(* A ring $R$ has the $2$-nil-sum property if and only if either $R$ is a simple ring with the $2$-nil-sum property, or $R$ is a commutative local ring whose Jacobson radical is nil.
   Context: All rings are associative with identity. A central unit of $R$ is a unit of $R$ lying in the center of $R$; a non central-unit is an element that is not a central unit. A ring $R$ has the $2$-nil-sum property if every non central-unit of $R$ is a sum of two nilpotent elements of $R$. *)

theory Defs
  imports Main
begin

text \<open>All rings are associative with identity; we use the type class ring_1
  (which also forces 0 \<noteq> 1, i.e. the ring is nonzero).\<close>

definition is_unit_r :: "'a::ring_1 \<Rightarrow> bool" where
  "is_unit_r x \<longleftrightarrow> (\<exists>y. x * y = 1 \<and> y * x = 1)"

definition is_central :: "'a::ring_1 \<Rightarrow> bool" where
  "is_central x \<longleftrightarrow> (\<forall>y. x * y = y * x)"

definition central_unit :: "'a::ring_1 \<Rightarrow> bool" where
  "central_unit x \<longleftrightarrow> is_unit_r x \<and> is_central x"

definition nilpotent_el :: "'a::ring_1 \<Rightarrow> bool" where
  "nilpotent_el x \<longleftrightarrow> (\<exists>n::nat. x ^ n = 0)"

definition two_nil_sum :: "'a::ring_1 itself \<Rightarrow> bool" where
  "two_nil_sum _ \<longleftrightarrow>
     (\<forall>x::'a. \<not> central_unit x \<longrightarrow>
        (\<exists>a b. nilpotent_el a \<and> nilpotent_el b \<and> x = a + b))"

definition add_subgroup :: "'a::ring_1 set \<Rightarrow> bool" where
  "add_subgroup I \<longleftrightarrow> 0 \<in> I \<and> (\<forall>a\<in>I. \<forall>b\<in>I. a + b \<in> I) \<and> (\<forall>a\<in>I. - a \<in> I)"

definition left_ideal :: "'a::ring_1 set \<Rightarrow> bool" where
  "left_ideal I \<longleftrightarrow> add_subgroup I \<and> (\<forall>r. \<forall>a\<in>I. r * a \<in> I)"

definition two_sided_ideal :: "'a::ring_1 set \<Rightarrow> bool" where
  "two_sided_ideal I \<longleftrightarrow> add_subgroup I \<and> (\<forall>r. \<forall>a\<in>I. r * a \<in> I \<and> a * r \<in> I)"

definition simple_ring :: "'a::ring_1 itself \<Rightarrow> bool" where
  "simple_ring _ \<longleftrightarrow> (\<forall>I::'a set. two_sided_ideal I \<longrightarrow> I = {0} \<or> I = UNIV)"

definition maximal_left_ideal :: "'a::ring_1 set \<Rightarrow> bool" where
  "maximal_left_ideal M \<longleftrightarrow> left_ideal M \<and> M \<noteq> UNIV \<and>
     (\<forall>J. left_ideal J \<and> M \<subseteq> J \<longrightarrow> J = M \<or> J = UNIV)"

definition jacobson :: "'a::ring_1 itself \<Rightarrow> 'a set" where
  "jacobson _ = \<Inter> {M. maximal_left_ideal M}"

definition local_ring :: "'a::ring_1 itself \<Rightarrow> bool" where
  "local_ring _ \<longleftrightarrow> (\<exists>!M::'a set. maximal_left_ideal M)"

definition commutative_ring :: "'a::ring_1 itself \<Rightarrow> bool" where
  "commutative_ring _ \<longleftrightarrow> (\<forall>x y::'a. x * y = y * x)"

definition nil_set :: "'a::ring_1 set \<Rightarrow> bool" where
  "nil_set I \<longleftrightarrow> (\<forall>x\<in>I. nilpotent_el x)"

end

theory Submission
  imports Defs
begin

text \<open>Elements of a proper ideal I are central: otherwise 1 + i = a + b with a, b nilpotent,
  and then 1 - a is right invertible but nilpotent modulo I, forcing 1 \<in> I. If R is not
  simple, take a proper nonzero ideal I; its left annihilator A is a proper ideal containing
  all commutators, i.e. R/A is commutative and nonzero. For a non-central x write
  x = a + b and 1 + x = c + d; then 1 = c + d - a - b is a sum of nilpotents of the
  commutative ring R/A, hence nilpotent there, so 1 \<in> A. Thus R is commutative, and then
  the non-units are exactly the nilpotent elements, which form the unique maximal ideal.
  Conversely, in a commutative local ring with nil maximal ideal M every non-unit lies in M
  (since 1 - m is a unit for m \<in> M) and is nilpotent, i.e. of the form x + 0.\<close>

lemma two_sided_ideal_zero: "two_sided_ideal I \<Longrightarrow> 0 \<in> I"
  and two_sided_ideal_add: "two_sided_ideal I \<Longrightarrow> a \<in> I \<Longrightarrow> b \<in> I \<Longrightarrow> a + b \<in> I"
  and two_sided_ideal_uminus: "two_sided_ideal I \<Longrightarrow> a \<in> I \<Longrightarrow> - a \<in> I"
  and two_sided_ideal_mult_left: "two_sided_ideal I \<Longrightarrow> a \<in> I \<Longrightarrow> r * a \<in> I"
  and two_sided_ideal_mult_right: "two_sided_ideal I \<Longrightarrow> a \<in> I \<Longrightarrow> a * r \<in> I"
  by (simp_all add: two_sided_ideal_def add_subgroup_def)

lemma two_sided_ideal_imp_left_ideal: "two_sided_ideal I \<Longrightarrow> left_ideal I"
  by (simp add: two_sided_ideal_def left_ideal_def)

lemma two_sided_ideal_singleton_zero: "two_sided_ideal {0}"
  by (simp add: two_sided_ideal_def add_subgroup_def)

lemma left_ideal_eq_UNIV_if_unit:
  assumes "left_ideal J" and "u \<in> J" and "is_unit_r u"
  shows "J = UNIV"
proof -
  obtain v where "v * u = 1" using \<open>is_unit_r u\<close> unfolding is_unit_r_def by blast
  then have "1 \<in> J" using assms(1,2) unfolding left_ideal_def by metis
  then show ?thesis using assms(1) unfolding left_ideal_def by (metis UNIV_eq_I mult.right_neutral)
qed

lemma nilpotent_el_uminus: "nilpotent_el x \<Longrightarrow> nilpotent_el (- x)"
  unfolding nilpotent_el_def by (metis mult_zero_right power_minus)

lemma geometric_sum_mult:
  fixes x :: "'a::ring_1"
  shows "(1 - x) * (\<Sum>i<n. x ^ i) = 1 - x ^ n"
proof (induction n)
  case (Suc n)
  have "(1 - x) * (\<Sum>i<Suc n. x ^ i) = (1 - x) * (\<Sum>i<n. x ^ i) + (1 - x) * x ^ n"
    by (simp add: distrib_left)
  also have "\<dots> = 1 - x ^ Suc n" using Suc by (simp add: algebra_simps power_Suc2)
  finally show ?case .
qed simp

lemma one_minus_nilpotent_right_invertible:
  fixes a :: "'a::ring_1"
  assumes "nilpotent_el a"
  shows "\<exists>w. (1 - a) * w = 1"
  using assms geometric_sum_mult[of a] unfolding nilpotent_el_def by (metis diff_zero)

lemma nilpotent_el_not_unit:
  assumes "nilpotent_el x"
  shows "\<not> is_unit_r x"
proof
  assume "is_unit_r x"
  then obtain y where "x * y = 1" unfolding is_unit_r_def by blast
  moreover obtain n where "x ^ n = 0" using assms unfolding nilpotent_el_def by blast
  ultimately show False using left_right_inverse_power[of x y n] by simp
qed

section \<open>Nilpotency modulo an ideal\<close>

definition nilpotent_mod :: "'a::ring_1 set \<Rightarrow> 'a \<Rightarrow> bool" where
  "nilpotent_mod A x \<longleftrightarrow> (\<exists>n. x ^ n \<in> A)"

lemma nilpotent_mod_singleton_zero_iff: "nilpotent_mod {0} x \<longleftrightarrow> nilpotent_el x"
  by (simp add: nilpotent_mod_def nilpotent_el_def)

lemma nilpotent_el_imp_nilpotent_mod: "two_sided_ideal A \<Longrightarrow> nilpotent_el x \<Longrightarrow> nilpotent_mod A x"
  unfolding nilpotent_mod_def nilpotent_el_def using two_sided_ideal_zero by metis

--------------------------------

▸ **TASK INSTRUCTIONS**
Count, and answer with the number only: how many lines of the data include the string "shows"?

▸ **EXPECTED ANSWER**
4